Supplied material:

lemma nbset_eq_arc:
  assumes "{j. j < 6 \<and> nb u j \<in> S} = cyc_int i k"
  shows "nbset S u = {nb u (i + j) | j. j < k}"
proof -
  have "nbset S u = nb u ` {j. j < 6 \<and> nb u j \<in> S}" by (auto simp: nbset_def)
  also have "\<dots> = (\<lambda>j. nb u (i + j)) ` {..<k}" unfolding assms cyc_int_image image_image nb_mod ..
  finally show ?thesis by auto
qed

lemma convex_corner_SCE:
  assumes corner: "convex_corner S u" and sc: "simply_connected S"
  shows "SCE S u"
proof -
  obtain i k where u: "u \<in> S" and k: "1 \<le> k" "k \<le> 3"
    and arc: "{j. j < 6 \<and> nb u j \<in> S} = cyc_int i k"
    using corner by (auto simp: convex_corner_def)
  define B where "B = cyc_int ((i + k) mod 6) (6 - k)"
  have out: "out_dirs S u = B"
    using arc cyc_int_complement[of k i] k unfolding B_def out_dirs_def by auto
  have "(i + k) mod 6 \<in> B" unfolding B_def using cyc_int_mem[of 0 "6 - k" "(i + k) mod 6"] k by simp
  then have j0: "(i + k) mod 6 < 6" "nb u ((i + k) mod 6) \<notin> S" using out by (auto simp: out_dirs_def)
  then have bp: "boundary_point S u" using u unfolding boundary_point_def by blast
  have "u \<in> outer_boundary S" using j0 u sc unfolding outer_boundary_def simply_connected_def by blast
  moreover have "redundant S u"
    using bp connected_arc nbset_eq_arc[OF arc] by (simp add: redundant_def nbset_def[symmetric])
  moreover have "is_cyc_int B"
    using j0(1) k unfolding is_cyc_int_def B_def by (intro exI[of _ "(i + k) mod 6"] conjI exI[of _ "6 - k"]) auto
  then have "local_boundary S u B" using bp out by (auto simp: local_boundary_def)
  moreover have "bcount B > 0" using k card_cyc_int[of "6 - k"] by (simp add: bcount_def B_def)
  ultimately show ?thesis by (auto simp: SCE_def erodable_def)
qed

Problem description:
Each record needs to be copied out again, letter for letter.

Answer to this exercise:
lemma nbset_eq_arc:
  assumes "{j. j < 6 \<and> nb u j \<in> S} = cyc_int i k"
  shows "nbset S u = {nb u (i + j) | j. j < k}"
proof -
  have "nbset S u = nb u ` {j. j < 6 \<and> nb u j \<in> S}" by (auto simp: nbset_def)
  also have "\<dots> = (\<lambda>j. nb u (i + j)) ` {..<k}" unfolding assms cyc_int_image image_image nb_mod ..
  finally show ?thesis by auto
qed

lemma convex_corner_SCE:
  assumes corner: "convex_corner S u" and sc: "simply_connected S"
  shows "SCE S u"
proof -
  obtain i k where u: "u \<in> S" and k: "1 \<le> k" "k \<le> 3"
    and arc: "{j. j < 6 \<and> nb u j \<in> S} = cyc_int i k"
    using corner by (auto simp: convex_corner_def)
  define B where "B = cyc_int ((i + k) mod 6) (6 - k)"
  have out: "out_dirs S u = B"
    using arc cyc_int_complement[of k i] k unfolding B_def out_dirs_def by auto
  have "(i + k) mod 6 \<in> B" unfolding B_def using cyc_int_mem[of 0 "6 - k" "(i + k) mod 6"] k by simp
  then have j0: "(i + k) mod 6 < 6" "nb u ((i + k) mod 6) \<notin> S" using out by (auto simp: out_dirs_def)
  then have bp: "boundary_point S u" using u unfolding boundary_point_def by blast
  have "u \<in> outer_boundary S" using j0 u sc unfolding outer_boundary_def simply_connected_def by blast
  moreover have "redundant S u"
    using bp connected_arc nbset_eq_arc[OF arc] by (simp add: redundant_def nbset_def[symmetric])
  moreover have "is_cyc_int B"
    using j0(1) k unfolding is_cyc_int_def B_def by (intro exI[of _ "(i + k) mod 6"] conjI exI[of _ "6 - k"]) auto
  then have "local_boundary S u B" using bp out by (auto simp: local_boundary_def)
  moreover have "bcount B > 0" using k card_cyc_int[of "6 - k"] by (simp add: bcount_def B_def)
  ultimately show ?thesis by (auto simp: SCE_def erodable_def)
qed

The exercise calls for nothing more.